A prospective open-label randomised controlled trial in prehospital patients receiving morphine for traumatic pain compared intravenous ketamine with additional morphine.
Analgesia was superior in the ketamine group, with some minor (expected) adverse effects.
This small study adds to the prehospital ketamine literature and provides some support to ambulance services considering introducing ketamine analgesia.
Study objective: We assess the efficacy of intravenous ketamine compared with intravenous morphine in reducing pain in adults with significant out-of-hospital traumatic pain.

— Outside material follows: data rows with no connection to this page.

definition ncg_step ::
  "(real^'n \<Rightarrow> real) \<Rightarrow> real \<Rightarrow> (real^'n \<Rightarrow> real^'n) \<Rightarrow> (real^'n \<Rightarrow> real^'n^'n)
     \<Rightarrow> real \<Rightarrow> real \<Rightarrow> real \<Rightarrow> real \<Rightarrow> real \<Rightarrow> real
     \<Rightarrow> real^'n \<Rightarrow> real^'n \<Rightarrow> bool" where
  "ncg_step f lam gf Hf eg delta tauh zeta eta theta x x' \<longleftrightarrow>
   (let eh = sqrt eg;
        I = Inz eg x;
        g = restr I (geps lam eg gf x);
        H = (\<lambda>v. restr I (Hf x *v v))
    in \<exists>tk M d t.
         2 * eh / norm g powr delta \<le> tk \<and> tk \<le> 2 * tauh * eh / norm g powr delta \<and>
         M \<ge> 0 \<and> capped_cg H g eh zeta delta tk M d t \<and>
         (let dk = restr I (if t = NC
                            then (- sgn1 (d \<bullet> g) * \<bar>d \<bullet> H d\<bar> / (norm d)\<^sup>2 / norm d) *\<^sub>R d
                            else d);
              ok = (\<lambda>j::nat. phi f lam (x + theta^j *\<^sub>R dk)
                              < phi f lam x - eta * theta^(2*j) * eh * (norm dk)\<^sup>2)
          in \<exists>j. ok j \<and> (\<forall>i<j. \<not> ok i) \<and> x' = x + theta^j *\<^sub>R dk))"

text \<open>A sequence generated by FPGN2CM.  If neither step applies, the
  algorithm stops; we model this by keeping the iterate fixed.\<close>
definition fpgn2cm_seq ::
  "(real^'n \<Rightarrow> real) \<Rightarrow> real \<Rightarrow> (real^'n \<Rightarrow> real^'n) \<Rightarrow> (real^'n \<Rightarrow> real^'n^'n)
     \<Rightarrow> real \<Rightarrow> real \<Rightarrow> real \<Rightarrow> real \<Rightarrow> real \<Rightarrow> real \<Rightarrow> real \<Rightarrow> real
     \<Rightarrow> real^'n \<Rightarrow> (nat \<Rightarrow> real^'n) \<Rightarrow> bool" where
  "fpgn2cm_seq f lam gf Hf eg beta delta tauh zeta etab eta theta x0 xs \<longleftrightarrow>
   xs 0 = x0 \<and>
   (\<forall>k. if cond_a lam eg gf (xs k) then pg_step f lam gf beta etab (xs k) (xs (Suc k))
        else if cond_b lam eg gf (xs k)
          then ncg_step f lam gf Hf eg delta tauh zeta eta theta (xs k) (xs (Suc k))
        else xs (Suc k) = xs k)"

end

theory Submission
  imports Defs
begin

text \<open>The values of \<open>\<phi>\<close> along the iterates are nonincreasing and bounded below by
  the minimum, hence converge; so eventually no step can decrease \<open>\<phi>\<close> by a fixed
  amount \<open>c > 0\<close>. But whenever the proximal gradient step is triggered, some
  coordinate \<open>i \<in> I\<^sub>0\<close> has \<open>|\<nabla>f(x)\<^sub>i| > \<lambda> + \<epsilon>\<^sub>g\<^sup>3\<^sup>/\<^sup>4\<close>, so \<open>\<parallel>\<G>\<^sub>t(x)\<parallel> > \<epsilon>\<^sub>g\<^sup>3\<^sup>/\<^sup>4\<close> for every
  \<open>t > 0\<close>; and on the compact level set the gradient is bounded and Lipschitz, so the
  backtracking accepts some \<open>t \<le> \<beta>\<^sup>J\<close> with \<open>J\<close> independent of \<open>x\<close>. The step therefore
  decreases \<open>\<phi>\<close> by at least \<open>\<eta>\<^sub>b \<epsilon>\<^sub>g\<^sup>3\<^sup>/\<^sup>2 / \<beta>\<^sup>J\<close>.\<close>

lemma norm_sq_eq_sum_cart: "(norm (x :: real^'n))\<^sup>2 = (\<Sum>k\<in>UNIV. (x $ k)\<^sup>2)"
  by (simp only: power2_norm_eq_inner) (simp add: inner_vec_def power2_eq_square)

lemma lipschitz_gradient_upper_bound:
  fixes f :: "'a::real_inner \<Rightarrow> real"
  assumes grad: "\<And>x. (f has_derivative (\<lambda>h. gf x \<bullet> h)) (at x)"
    and seg: "\<And>s. 0 \<le> s \<Longrightarrow> s \<le> 1 \<Longrightarrow> x + s *\<^sub>R d \<in> U"
    and lip: "\<forall>a\<in>U. \<forall>b\<in>U. norm (gf a - gf b) \<le> L * norm (a - b)" and "L \<ge> 0"
  shows "f (x + d) \<le> f x + gf x \<bullet> d + L * (norm d)\<^sup>2"
proof -
  \<comment> \<open>The mean value theorem yields the constant \<open>L\<close> instead of the sharp \<open>L/2\<close>; any constant suffices.\<close>
  define p where "p s = f (x + s *\<^sub>R d)" for s
  have "DERIV p s :> gf (x + s *\<^sub>R d) \<bullet> d" for s
  proof -
    have "((\<lambda>s. x + s *\<^sub>R d) has_derivative (\<lambda>h. h *\<^sub>R d)) (at s)"
      by (auto intro!: derivative_eq_intros)
    from has_derivative_compose[OF this grad]
    have "(p has_derivative (\<lambda>h. gf (x + s *\<^sub>R d) \<bullet> (h *\<^sub>R d))) (at s)" unfolding p_def .
    then show ?thesis unfolding has_field_derivative_def
      by (rule has_derivative_eq_rhs) (auto simp: fun_eq_iff)
  qed
  then obtain z where z: "0 < z" "z < 1" "p 1 - p 0 = gf (x + z *\<^sub>R d) \<bullet> d"
    using MVT2[of 0 1 p "\<lambda>s. gf (x + s *\<^sub>R d) \<bullet> d"] by auto
  have "x \<in> U" "x + z *\<^sub>R d \<in> U" using seg[of 0] seg[of z] z by auto
  then have "(gf (x + z *\<^sub>R d) - gf x) \<bullet> d \<le> (L * norm (z *\<^sub>R d)) * norm d"
    using lip norm_cauchy_schwarz order_trans mult_right_mono norm_ge_zero
    by (metis add_diff_cancel_left')
  also have "\<dots> = L * (z * (norm d)\<^sup>2)"
    using z by (simp add: power2_eq_square)
  also have "\<dots> \<le> L * (norm d)\<^sup>2"
    using z \<open>L \<ge> 0\<close> by (intro mult_left_mono mult_left_le_one_le) auto
  finally show ?thesis using z(3) by (simp add: p_def inner_diff_left)
qed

Methods: This study was an out-of-hospital, prospective, randomized, controlled, open-label study. Patients with trauma and a verbal pain score of greater than 5 after 5 mg intravenous morphine were eligible for enrollment.

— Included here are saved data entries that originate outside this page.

definition relax_obj :: "real \<Rightarrow> real \<Rightarrow> ('n::finite \<Rightarrow> complex) \<Rightarrow> ('k::finite \<Rightarrow> complex)
   \<Rightarrow> ('k \<Rightarrow> 'n \<Rightarrow> complex) \<Rightarrow> ('k \<Rightarrow> real) \<Rightarrow> ('k \<Rightarrow> real) \<Rightarrow> ('n \<Rightarrow> complex) \<Rightarrow> real" where
  "relax_obj \<sigma>2 \<sigma>r2 g hdir hr \<tau> p v =
     (\<Sum>k\<in>UNIV. \<tau> k * log 2 (1 + p k * gam \<sigma>2 \<sigma>r2 g (hdir k) (hr k) v))"

end

theory Submission
  imports Defs
begin

text \<open>A NOMA point \<open>(\<tau>, p, v)\<close> with total SNR \<open>A = \<Sum>\<^sub>k p\<^sub>k \<gamma>\<^sub>k(v)\<close> is reproduced by time sharing
  with the same IRS vector: device \<open>k\<close> gets the fraction \<open>p\<^sub>k \<gamma>\<^sub>k(v) / A\<close> of the time \<open>\<tau>\<close> and
  transmits with its power scaled up so that its own SNR is \<open>A\<close>. This spends exactly the energy
  \<open>\<tau> p\<^sub>k\<close> and the slot rates add up to \<open>\<tau> log\<^sub>2 (1 + A)\<close>. Hence every NOMA rate is bounded by the
  optimum of the relaxed problem, which has no IRS power constraint. Under the hypothesis on the
  relaxed optimizer, using \<open>v\<close> in every slot makes it TDMA-feasible, so that optimum is a TDMA
  rate. The supremum defining \<open>R\<^sup>*\<^sub>T\<^sub>D\<^sub>M\<^sub>A\<close> is finite because \<open>log(1 + x) \<le> x\<close> and the IRS power budget
  bounds \<open>\<parallel>v\<^sub>k\<parallel>\<^sup>2\<close> by \<open>P\<^sub>r / \<sigma>\<^sub>r\<^sup>2\<close>.\<close>

lemma quad_diag_sqmag_nonneg: "0 \<le> quad_diag (sqmag x) v"
  unfolding quad_diag_def sqmag_def by (intro sum_nonneg) simp

lemma cmod_le_sqrt_normsq: "cmod (v i) \<le> sqrt (normsq v)"
proof -
  have "(cmod (v i))\<^sup>2 \<le> normsq v"
    unfolding normsq_def by (rule member_le_sum) auto
  then show ?thesis
    by (simp add: real_le_rsqrt)
qed

lemma cmod_herm_le: "cmod (herm v w) \<le> sqrt (normsq v) * (\<Sum>i\<in>UNIV. cmod (w i))"
proof -
  have "cmod (herm v w) \<le> (\<Sum>i\<in>UNIV. cmod (cnj (v i) * w i))"
    unfolding herm_def by (rule norm_sum)
  also have "\<dots> = (\<Sum>i\<in>UNIV. cmod (v i) * cmod (w i))"
    by (simp add: norm_mult)
  also have "\<dots> \<le> (\<Sum>i\<in>UNIV. sqrt (normsq v) * cmod (w i))"
    by (intro sum_mono mult_right_mono cmod_le_sqrt_normsq) simp
  finally show ?thesis
    by (simp add: sum_distrib_left)
qed

lemma gam_nonneg:
  assumes "\<sigma>2 > 0" "\<sigma>r2 \<ge> 0"
  shows "0 \<le> gam \<sigma>2 \<sigma>r2 g c h v"
  unfolding gam_def using assms quad_diag_sqmag_nonneg[of g v] by simp

lemma gam_le:
  assumes "\<sigma>2 > 0" "\<sigma>r2 \<ge> 0" "normsq v \<le> B"
  shows "gam \<sigma>2 \<sigma>r2 g c h v \<le> (cmod c + sqrt B * (\<Sum>i\<in>UNIV. cmod (qvec g h i)))\<^sup>2 / \<sigma>2"
proof -
  have "cmod (c + herm v (qvec g h)) \<le> cmod c + sqrt (normsq v) * (\<Sum>i\<in>UNIV. cmod (qvec g h i))"
    using norm_triangle_ineq[of c "herm v (qvec g h)"] cmod_herm_le[of v "qvec g h"] by linarith
  also have "\<dots> \<le> cmod c + sqrt B * (\<Sum>i\<in>UNIV. cmod (qvec g h i))"
    using assms(3) by (intro add_left_mono mult_right_mono sum_nonneg) auto
  finally have numerator: "(cmod (c + herm v (qvec g h)))\<^sup>2
      \<le> (cmod c + sqrt B * (\<Sum>i\<in>UNIV. cmod (qvec g h i)))\<^sup>2"
    by (rule power_mono) simp
  have "\<sigma>2 \<le> \<sigma>2 + \<sigma>r2 * quad_diag (sqmag g) v"
    using assms(2) quad_diag_sqmag_nonneg[of g v] by simp
  then have "gam \<sigma>2 \<sigma>r2 g c h v \<le> (cmod (c + herm v (qvec g h)))\<^sup>2 / \<sigma>2"
    unfolding gam_def using assms(1) by (intro divide_left_mono) auto
  also have "\<dots> \<le> (cmod c + sqrt B * (\<Sum>i\<in>UNIV. cmod (qvec g h i)))\<^sup>2 / \<sigma>2"
    using numerator assms(1) by (intro divide_right_mono) auto
  finally show ?thesis .
qed

lemma mult_log_one_plus_le:
  fixes t p x E :: real
  assumes "t \<ge> 0" "p \<ge> 0" "x \<ge> 0" "t * p \<le> E"
  shows "t * log 2 (1 + p * x) \<le> E * x / ln 2"
proof -
  have "t * log 2 (1 + p * x) = t * ln (1 + p * x) / ln 2"
    by (simp add: log_def)
  also have "\<dots> \<le> t * (p * x) / ln 2"
    using assms by (intro divide_right_mono mult_left_mono ln_add_one_self_le_self) auto
  also have "\<dots> \<le> E * x / ln 2"
    using assms by (intro divide_right_mono) (auto simp: mult.assoc[symmetric] intro: mult_right_mono)
  finally show ?thesis .
qed

lemma tdma_rate_le:
  assumes "\<sigma>2 > 0" "\<sigma>r2 > 0"
    and feasible: "\<forall>k. \<tau> k * p k \<le> E k \<and> \<tau> k \<ge> 0 \<and> p k \<ge> 0 \<and>
                       p k * quad_diag (sqmag (hr k)) (V k) + \<sigma>r2 * normsq (V k) \<le> Pr"
  shows "(\<Sum>k\<in>UNIV. \<tau> k * log 2 (1 + p k * gam \<sigma>2 \<sigma>r2 g (hdir k) (hr k) (V k)))
    \<le> (\<Sum>k\<in>UNIV. E k * ((cmod (hdir k) + sqrt (Pr / \<sigma>r2) * (\<Sum>i\<in>UNIV. cmod (qvec g (hr k) i)))\<^sup>2
                           / \<sigma>2) / ln 2)"
proof (intro sum_mono)
  fix k
  let ?\<gamma> = "gam \<sigma>2 \<sigma>r2 g (hdir k) (hr k) (V k)"
  have "0 \<le> p k * quad_diag (sqmag (hr k)) (V k)"
    using feasible by (simp add: quad_diag_sqmag_nonneg)
  then have "\<sigma>r2 * normsq (V k) \<le> Pr"
    using feasible[rule_format, of k] by linarith
  then have "normsq (V k) \<le> Pr / \<sigma>r2"
    using assms(2) by (simp add: pos_le_divide_eq mult.commute)
  note \<gamma>_le = gam_le[OF assms(1) less_imp_le[OF assms(2)] this]
  have "0 \<le> E k"
    using feasible by (meson mult_nonneg_nonneg order_trans)
  have "\<tau> k * log 2 (1 + p k * ?\<gamma>) \<le> E k * ?\<gamma> / ln 2"
    using feasible gam_nonneg[OF assms(1) less_imp_le[OF assms(2)]] by (intro mult_log_one_plus_le) auto
  also have "\<dots> \<le> E k * ((cmod (hdir k) + sqrt (Pr / \<sigma>r2) * (\<Sum>i\<in>UNIV. cmod (qvec g (hr k) i)))\<^sup>2
                           / \<sigma>2) / ln 2"
    using \<gamma>_le \<open>0 \<le> E k\<close> by (intro divide_right_mono mult_left_mono) auto
  finally show "\<tau> k * log 2 (1 + p k * ?\<gamma>) \<le> \<dots>" .
qed

lemma relax_obj_le_R_TDMA:
  assumes "\<sigma>2 > 0" "\<sigma>r2 > 0"
    and "relax_feasible Tmax E \<tau> p"
    and "\<forall>k. p k * quad_diag (sqmag (hr k)) v + \<sigma>r2 * normsq v \<le> Pr"
  shows "relax_obj \<sigma>2 \<sigma>r2 g hdir hr \<tau> p v \<le> R_TDMA \<sigma>2 \<sigma>r2 Pr Tmax E g hdir hr"
proof -
  let ?rates = "{(\<Sum>k\<in>UNIV. \<tau> k * log 2 (1 + p k * gam \<sigma>2 \<sigma>r2 g (hdir k) (hr k) (V k))) | \<tau> p V.
        (\<forall>k. \<tau> k * p k \<le> E k \<and> \<tau> k \<ge> 0 \<and> p k \<ge> 0 \<and>
              p k * quad_diag (sqmag (hr k)) (V k) + \<sigma>r2 * normsq (V k) \<le> Pr) \<and>
        (\<Sum>k\<in>UNIV. \<tau> k) \<le> Tmax}"
  have "relax_obj \<sigma>2 \<sigma>r2 g hdir hr \<tau> p v \<in> ?rates"
    using assms(3,4) unfolding relax_obj_def relax_feasible_def
    by (intro CollectI exI[of _ \<tau>] exI[of _ p] exI[of _ "\<lambda>_. v"]) auto
  moreover have "bdd_above ?rates"
    using tdma_rate_le[OF assms(1,2)] by (intro bdd_aboveI) blast
  ultimately show ?thesis
    unfolding R_TDMA_def by (rule cSup_upper)
qed

lemma noma_rate_achieved_by_time_sharing:
  assumes "\<sigma>2 > 0" "\<sigma>r2 \<ge> 0"
    and "0 \<le> \<tau>" "\<tau> \<le> Tmax" "\<forall>k. \<tau> * p k \<le> E k \<and> p k \<ge> 0"
  shows "\<exists>t q. relax_feasible Tmax E t q \<and>
    relax_obj \<sigma>2 \<sigma>r2 g hdir hr t q v = \<tau> * log 2 (1 + (\<Sum>k\<in>UNIV. p k * gam \<sigma>2 \<sigma>r2 g (hdir k) (hr k) v))"
proof -
  define \<gamma> where "\<gamma> k = gam \<sigma>2 \<sigma>r2 g (hdir k) (hr k) v" for k
  define a where "a k = p k * \<gamma> k" for k
  define A where "A = (\<Sum>k\<in>UNIV. a k)"
  define t where "t k = \<tau> * a k / A" for k
    \<comment> \<open>for \<open>A = 0\<close> this is the all-idle schedule \<open>t = 0\<close>, since \<open>x / 0 = 0\<close>\<close>
  define q where "q k = (if a k = 0 then 0 else A / \<gamma> k)" for k
  have "0 \<le> \<gamma> k" for k
    unfolding \<gamma>_def using assms(1,2) by (rule gam_nonneg)
  then have "0 \<le> a k" for k
    unfolding a_def using assms(5) by simp
  then have "0 \<le> A"
    unfolding A_def by (simp add: sum_nonneg)
  have A_pos: "0 < A" if "a k \<noteq> 0" for k
  proof -
    have "a k \<le> A"
      unfolding A_def using \<open>\<And>k. 0 \<le> a k\<close> by (intro member_le_sum) auto
    then show ?thesis
      using \<open>0 \<le> a k\<close> that by linarith
  qed
  have tq: "t k * q k = (if a k = 0 then 0 else \<tau> * p k)"
    and snr: "q k * \<gamma> k = (if a k = 0 then 0 else A)" for k
    using A_pos[of k] unfolding t_def q_def a_def by (auto simp: field_simps)
  have sum_t: "(\<Sum>k\<in>UNIV. t k) = (if A = 0 then 0 else \<tau>)"
    unfolding t_def A_def by (simp add: sum_divide_distrib[symmetric] sum_distrib_left[symmetric])
  have "relax_feasible Tmax E t q"
    unfolding relax_feasible_def
  proof (intro conjI allI)
    fix k
    show "t k * q k \<le> E k"
      using tq[of k] assms(3,5) by (auto intro: order_trans[OF mult_nonneg_nonneg])
    show "0 \<le> t k"
      unfolding t_def using assms(3) \<open>0 \<le> a k\<close> \<open>0 \<le> A\<close> by simp
    show "0 \<le> q k"
      unfolding q_def using \<open>0 \<le> \<gamma> k\<close> \<open>0 \<le> A\<close> by simp
  next
    show "(\<Sum>k\<in>UNIV. t k) \<le> Tmax"
      using sum_t assms(3,4) by simp
  qed
  moreover have "relax_obj \<sigma>2 \<sigma>r2 g hdir hr t q v = (\<Sum>k\<in>UNIV. t k) * log 2 (1 + A)"
    unfolding relax_obj_def sum_distrib_right
    by (intro sum.cong) (auto simp: snr[unfolded \<gamma>_def] t_def)
  moreover have "(\<Sum>k\<in>UNIV. t k) * log 2 (1 + A) = \<tau> * log 2 (1 + A)"
    using sum_t by simp
  ultimately show ?thesis
    unfolding A_def a_def \<gamma>_def by metis
qed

Patients allocated to the ketamine group received a bolus of 10 or 20 mg, followed by 10 mg every 3 minutes thereafter. Patients allocated to the morphine alone group received 5 mg intravenously every 5 minutes until pain free. Pain scores were measured at baseline and at hospital arrival.
Results: A total of 135 patients were enrolled between December 2007 and July 2010. There were no differences between the groups at baseline. After the initial 5-mg dose of intravenous morphine, patients allocated to ketamine received a mean of 40.6 mg (SD 25 mg) of ketamine. Patients allocated to morphine alone received a mean of 14.4 mg (SD 9.4 mg) of morphine. The mean pain score change was 5.6 (95% confidence interval [CI] 6.2 to 5.0) in the ketamine group compared with 3.2 (95% CI 3.7 to 2.7) in the morphine group. The difference in mean pain score change was 2.4 (95% CI 3.2 to 1.6) points. The intravenous morphine group had 9 of 65 (14%; 95% CI 6% to 25%) adverse effects reported (most commonly nausea [6/65; 9%]) compared with 27 of 70 (39%; 95% CI 27% to 51%) in the ketamine group (most commonly disorientation [8/70; 11%]).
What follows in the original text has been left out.